## [Recorded data]

theorem mainTheorem4:
  fixes f :: "real \<Rightarrow> real"
  assumes "f \<in> Homeo_plus_maps"
    and "\<And>x. f (x + 1) = f x + 2"
    and "f 0 = 0"
  shows "(\<exists>!\<theta>. \<theta> \<in> hom GA_Q2 Homeo_plus \<and> \<theta> \<in> extensional (carrier GA_Q2)
              \<and> \<theta> T1 = T1 \<and> \<theta> D = f)
       \<and> (\<forall>\<theta>. \<theta> \<in> hom GA_Q2 Homeo_plus \<and> \<theta> \<in> extensional (carrier GA_Q2)
              \<and> \<theta> T1 = T1 \<and> \<theta> D = f \<longrightarrow> inj_on \<theta> (carrier GA_Q2))"
proof -
  interpret doubling_homeo f
    using assms(1,2) by unfold_locales
  define P where "P \<theta> \<longleftrightarrow> \<theta> \<in> hom GA_Q2 Homeo_plus \<and> \<theta> \<in> extensional (carrier GA_Q2)
    \<and> \<theta> T1 = T1 \<and> \<theta> D = f" for \<theta>
  have "P theta"
    by (simp add: P_def theta_hom theta_extensional theta_T1 theta_D)
  moreover have unique: "\<theta> = theta" if "P \<theta>" for \<theta>
  proof (rule extensionalityI)
    show "\<theta> g = theta g" if "g \<in> carrier GA_Q2" for g
      using \<open>P \<theta>\<close> hom_GA_Q2_eqI[OF _ theta_hom group_Homeo_plus _ _ that]
      by (simp add: P_def theta_T1 theta_D)
  qed (use that theta_extensional in \<open>simp_all add: P_def\<close>)
  ultimately have "\<exists>!\<theta>. P \<theta>" by (rule ex1I)
  moreover have "\<forall>\<theta>. P \<theta> \<longrightarrow> inj_on \<theta> (carrier GA_Q2)"
    using unique theta_inj by blast
  ultimately show ?thesis unfolding P_def by (rule conjI)
qed

end
text \<open>P(3,n;p): probability that a Condorcet winner exists when n voters
independently choose ranking r with probability p r.\<close>
definition P3 :: "nat \<Rightarrow> (nat \<Rightarrow> real) \<Rightarrow> real" where
  "P3 n p = (\<Sum>f \<in> {..<n} \<rightarrow>\<^sub>E rankings.
              if has_condorcet_winner n f then (\<Prod>i<n. p (f i)) else 0)"

definition prob_vector :: "(nat \<Rightarrow> real) \<Rightarrow> bool" where
  "prob_vector p \<longleftrightarrow> (\<forall>r \<in> rankings. p r \<ge> 0) \<and> (\<Sum>r \<in> rankings. p r) = 1"

definition binom_cdf :: "nat \<Rightarrow> nat \<Rightarrow> real \<Rightarrow> real" where
  "binom_cdf k n q = (\<Sum>j = 0..k. real (n choose j) * q ^ j * (1 - q) ^ (n - j))"

end

theory Submission
  imports Defs
begin

text \<open>
  A Condorcet winner certainly exists when some candidate is ranked first by a strict majority
  of the voters, and at most one candidate can be. The number of voters ranking c first is
  binomial with parameters n and q(c), the total probability of the two rankings headed by c.
  Hence P(3,n;p) is at least T(q(1)) + T(q(2)) + T(q(3)), where T(q) = 1 - B(k;n,q) with
  k = \<lfloor>n/2\<rfloor>, and q(1) + q(2) + q(3) = 1.
  Since T'(q) = n (n-1 choose k) q^k (1-q)^(n-1-k) and k \<ge> n-1-k, T' increases on [0,1/2],
  so T is convex there and Jensen's inequality gives the bound 3 T(1/3) when all q(c) \<le> 1/2.
  If some q(c) exceeds 1/2, lowering it to 1/2 while splitting the remaining mass evenly only
  decreases the sum, because T'(q) \<ge> T'((1-q)/2) for q \<ge> 1/2.
  For the two cyclic distributions a Condorcet winner c beats the candidate following it in the
  cycle only with the voters who rank c first, so the bound is attained there. The integral
  formula is the fundamental theorem of calculus applied to T.
\<close>

section \<open>Binomial tail probabilities\<close>

lemma binom_cdf_0 [simp]: "binom_cdf k n 0 = 1"
  unfolding binom_cdf_def by (simp add: power_0_left if_distrib[of "(*) _"] cong: if_cong)

lemma binom_cdf_has_real_derivative:
  fixes x :: real
  assumes "k < n"
  shows "(binom_cdf k n has_real_derivative
           - real n * real ((n - 1) choose k) * x ^ k * (1 - x) ^ (n - 1 - k)) (at x)"
  using assms
proof (induction k)
  case 0
  have "binom_cdf 0 n = (\<lambda>x. (1 - x) ^ n)"
    by (simp add: binom_cdf_def fun_eq_iff)
  moreover have "((\<lambda>x. (1 - x) ^ n) has_real_derivative real n * (1 - x) ^ (n - 1) * (0 - 1)) (at x)"
    by (rule derivative_eq_intros refl)+ simp
  ultimately show ?case
    by simp
next
  case (Suc k)
  obtain m where n: "n = Suc (k + Suc m)"
    using less_imp_Suc_add [OF Suc.prems] by auto
  have step: "binom_cdf (Suc k) n
      = (\<lambda>x. binom_cdf k n x + real (n choose Suc k) * x ^ Suc k * (1 - x) ^ Suc m)"
    by (simp add: binom_cdf_def fun_eq_iff n)
  have "Suc k * (n choose Suc k) = n * ((n - 1) choose k)"
    using Suc_times_binomial [of k "n - 1"] n by simp
  then have absorb1: "real (Suc k) * real (n choose Suc k) = real n * real ((n - 1) choose k)"
    by (metis of_nat_mult)
  have "Suc m * (n choose Suc k) = n * ((n - 1) choose Suc k)"
    using binomial_absorb_comp [of n "Suc k"] n by simp
  then have absorb2: "real (Suc m) * real (n choose Suc k) = real n * real ((n - 1) choose Suc k)"
    by (metis of_nat_mult)
  have exponents: "n - 1 - k = Suc m" "n - 1 - Suc k = m"
    using n by simp_all
  then have IH: "(binom_cdf k n has_real_derivative
      - real n * real ((n - 1) choose k) * x ^ k * (1 - x) ^ Suc m) (at x)"
    using Suc by simp
  have deriv: "((\<lambda>x. binom_cdf k n x + real (n choose Suc k) * x ^ Suc k * (1 - x) ^ Suc m)
      has_real_derivative
        - real n * real ((n - 1) choose k) * x ^ k * (1 - x) ^ Suc m
        + real (n choose Suc k) * (real (Suc k) * x ^ k * (1 - x) ^ Suc m
                                   - x ^ Suc k * (real (Suc m) * (1 - x) ^ m))) (at x)"
    by (rule derivative_eq_intros IH refl)+ (simp add: algebra_simps)
  have "real (n choose Suc k) * (real (Suc k) * x ^ k * (1 - x) ^ Suc m
                                 - x ^ Suc k * (real (Suc m) * (1 - x) ^ m))
      = real (Suc k) * real (n choose Suc k) * (x ^ k * (1 - x) ^ Suc m)
        - real (Suc m) * real (n choose Suc k) * (x ^ Suc k * (1 - x) ^ m)"
    by (simp only: algebra_simps)
  also have "\<dots> = real n * real ((n - 1) choose k) * (x ^ k * (1 - x) ^ Suc m)
                 - real n * real ((n - 1) choose Suc k) * (x ^ Suc k * (1 - x) ^ m)"
    by (simp only: absorb1 absorb2)
  finally have "- real n * real ((n - 1) choose k) * x ^ k * (1 - x) ^ Suc m
        + real (n choose Suc k) * (real (Suc k) * x ^ k * (1 - x) ^ Suc m
                                   - x ^ Suc k * (real (Suc m) * (1 - x) ^ m))
      = - real n * real ((n - 1) choose Suc k) * x ^ Suc k * (1 - x) ^ (n - 1 - Suc k)"
    unfolding exponents by (simp add: algebra_simps)
  then show ?case
    using deriv by (simp only: step)
qed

## [Work task]
Answer with a number alone: how many lines of the records contain the string "step"?

## [Written reply]
2